## THE TASK
Search the records for "moreover". Report every line where it occurs.

Stored data entries
text \<open>At a critical point the Hessian is \<open>diag((2 X_j + P)/X_j^2) + P w w^T\<close> with
  \<open>w_j = 1/X_j\<close>; on the diagonal this uses \<open>2/X_j^3 = (2 X_j + 2 P)/X_j^2\<close>, which is
  the critical point equation.\<close>
lemma hessian_W_critical:
  assumes nz: "\<forall>i. X$i \<noteq> 0"
    and quad: "\<And>m. (X$m)^2 + (\<Prod>i\<in>UNIV. X$i) * X$m - 1 = 0"
  shows "hessian W X $ j $ l = (if j = l then (2 * X$j + (\<Prod>i\<in>UNIV. X$i)) / (X$j)^2 else 0)
           + (\<Prod>i\<in>UNIV. X$i) * (1 / X$j) * (1 / X$l)"
proof (cases "j = l")
  case True
  let ?P = "\<Prod>i\<in>UNIV. X$i"
  have "2 / (X$j)^3 = (2 * X$j + ?P) / (X$j)^2 + ?P / (X$j)^2"
  proof -
    have "2 = 2 * ((X$j)^2 + ?P * X$j - 1) + 2"
      using quad[of j] by simp
    then show ?thesis
      using nz by (simp add: field_simps power2_eq_square power3_eq_cube)
  qed
  then show ?thesis
    using True nz hessian_W_diag[of X j] by (simp add: power2_eq_square)
next
  case False
  then show ?thesis
    using nz hessian_W_offdiag[of j l X] prod_except_two[of X j l] by simp
qed

section \<open>Arithmetic of the critical points\<close>

lemma completed_square:
  fixes x P :: "'a::comm_ring_1"
  assumes "x^2 + P * x - 1 = 0"
  shows "(2 * x + P)^2 = 4 + P^2"
proof -
  have "(2 * x + P)^2 = 4 * (x^2 + P * x - 1) + (4 + P^2)"
    by (simp add: power2_eq_square algebra_simps)
  then show ?thesis
    using assms by simp
qed

text \<open>The discriminant \<open>4 + P^2\<close> cannot vanish in even dimension: otherwise every
  coordinate is the double root \<open>-P/2\<close>, so \<open>P = (P^2/4)^k = (-1)^k\<close> and \<open>P^2 = 1 \<noteq> -4\<close>.\<close>
lemma discriminant_nonzero:
  fixes X :: "complex^'n"
  assumes n: "CARD('n) = 2 * k"
    and quad: "\<And>j. (X$j)^2 + (\<Prod>i\<in>UNIV. X$i) * X$j - 1 = 0"
  shows "4 + (\<Prod>i\<in>UNIV. X$i)^2 \<noteq> 0"
proof
  define P where "P = (\<Prod>i\<in>UNIV. X$i)"
  assume "4 + (\<Prod>i\<in>UNIV. X$i)^2 = 0"
  then have P2: "P^2 = -4"
    by (simp add: P_def add_eq_0_iff)
  have double_root: "X$j = -P/2" for j
  proof -
    have "(2 * X$j + P)^2 = 0"
      using completed_square[OF quad[of j]] P2 by (simp add: P_def)
    then show ?thesis
      by (simp add: field_simps add_eq_0_iff2)
  qed
  have "P = (\<Prod>i\<in>UNIV. X$i)"
    by (simp add: P_def)
  also have "\<dots> = (\<Prod>i\<in>(UNIV::'n set). -P/2)"
    by (simp add: double_root)
  also have "\<dots> = (-P/2)^(2 * k)"
    using n by simp
  also have "\<dots> = (-1)^k"
    by (simp add: power_mult power_divide P2)
  finally have "P^2 = 1"
    by (simp add: power_mult[symmetric] mult.commute)
  then show False
    using P2 by simp
qed

lemma square_roots_majority:
  fixes y :: "'n::finite \<Rightarrow> 'a::idom"
  assumes "\<And>j. (y j)^2 = D"
  obtains r where "r^2 = D" and "\<And>j. y j = r \<or> y j = -r"
    and "CARD('n) \<le> 2 * card {j. y j = r}"
proof -
  define r where "r = y undefined"
  have pm: "y j = r \<or> y j = -r" for j
  proof -
    have "(y j)^2 = r^2"
      using assms by (simp add: r_def)
    then show ?thesis
      by (simp add: power2_eq_iff)
  qed
  have "UNIV = {j. y j = r} \<union> {j. y j = -r}"
    using pm by auto
  then have total: "CARD('n) \<le> card {j. y j = r} + card {j. y j = -r}"
    by (metis card_Un_le)
  have "r^2 = D"
    using assms by (simp add: r_def)
  show ?thesis
  proof (cases "card {j. y j = -r} \<le> card {j. y j = r}")
    case True
    then show ?thesis
      using that[of r] pm total \<open>r^2 = D\<close> by simp
  next
    case False
    have "y j = -r \<or> y j = -(-r)" for j
      using pm[of j] by auto
    then show ?thesis
      using that[of "-r"] False total \<open>r^2 = D\<close> by simp
  qed
qed

lemma sum_two_valued:
  fixes f :: "'n::finite \<Rightarrow> 'a::comm_ring_1"
  assumes "\<And>j. j \<in> A \<Longrightarrow> f j = a" and "\<And>j. j \<notin> A \<Longrightarrow> f j = b"
  shows "(\<Sum>j\<in>UNIV. f j) = of_nat (card A) * a + of_nat (CARD('n) - card A) * b"
proof -
  have "(\<Sum>j\<in>UNIV. f j) = (\<Sum>j\<in>UNIV \<inter> A. f j) + (\<Sum>j\<in>UNIV - A. f j)"
    by (rule sum.Int_Diff) simp
  also have "\<dots> = (\<Sum>j\<in>A. a) + (\<Sum>j\<in>UNIV - A. b)"
    using assms by simp
  finally show ?thesis
    by (simp add: card_Diff_subset)
qed

lemma prod_two_valued:
  fixes f :: "'n::finite \<Rightarrow> 'a::comm_monoid_mult"
  assumes "\<And>j. j \<in> A \<Longrightarrow> f j = a" and "\<And>j. j \<notin> A \<Longrightarrow> f j = b"
  shows "(\<Prod>j\<in>UNIV. f j) = a ^ card A * b ^ (CARD('n) - card A)"
proof -
  have "(\<Prod>j\<in>UNIV. f j) = (\<Prod>j\<in>UNIV \<inter> A. f j) * (\<Prod>j\<in>UNIV - A. f j)"
    by (rule prod.Int_Diff) simp
  also have "\<dots> = (\<Prod>j\<in>A. a) * (\<Prod>j\<in>UNIV - A. b)"
    using assms by simp
  finally show ?thesis
    by (simp add: card_Diff_subset)
qed

text \<open>The real inequality behind the final contradiction: for \<open>c = 2d \<ge> 2\<close>,
  \<open>((c+1)/(c-1))^c (c^2-1) \<ge> ((c+1)/(c-1))^2 (c^2-1) = (c+1)^3/(c-1) > 4\<close>.\<close>
lemma ratio_power_bound:
  fixes d :: nat
  assumes "d \<ge> 1"
  shows "((real (2*d) + 1) / (real (2*d) - 1))^(2*d) * (real (2*d)^2 - 1) > 4"
proof -
  define c where "c = real (2*d)"
  define q where "q = (c + 1) / (c - 1)"
  have c2: "c \<ge> 2"
    using assms by (simp add: c_def)
  have "q \<ge> 1"
    using c2 by (simp add: q_def field_simps)
  then have "q^2 \<le> q^(2*d)"
    using assms by (intro power_increasing) auto
  moreover have "q^2 * (c^2 - 1) = (c + 1)^3 / (c - 1)"
  proof -
    have "q^2 * (c^2 - 1) = (c + 1)^2 * ((c + 1) * (c - 1)) / (c - 1)^2"
      by (simp add: q_def power_divide power2_eq_square algebra_simps)
    also have "\<dots> = (c + 1)^3 / (c - 1)"
      using c2 by (simp add: power2_eq_square power3_eq_cube)
    finally show ?thesis .
  qed
  moreover have "(c + 1)^3 / (c - 1) > 4"
  proof -
    have "(c + 1) * (c + 1) \<ge> 3 * 3"
      using c2 by (intro mult_mono) auto
    then have "(c + 1) * (c + 1) * (c + 1) \<ge> 9 * (c + 1)"
      using c2 by (intro mult_mono) auto
    then show ?thesis
      using c2 by (simp add: power3_eq_cube field_simps)
  qed
  moreover have "c^2 - 1 > 0"
  proof -
    have "c * c \<ge> 2 * 2"
      using c2 by (intro mult_mono) auto
    then show ?thesis
      by (simp add: power2_eq_square)
  qed
  ultimately have "q^(2*d) * (c^2 - 1) > 4"
    by (smt (verit) mult_right_mono)
  then show ?thesis
    by (simp add: q_def c_def)
qed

## FINAL ANSWER
  moreover have "q^2 * (c^2 - 1) = (c + 1)^3 / (c - 1)"
  moreover have "(c + 1)^3 / (c - 1) > 4"
  moreover have "c^2 - 1 > 0"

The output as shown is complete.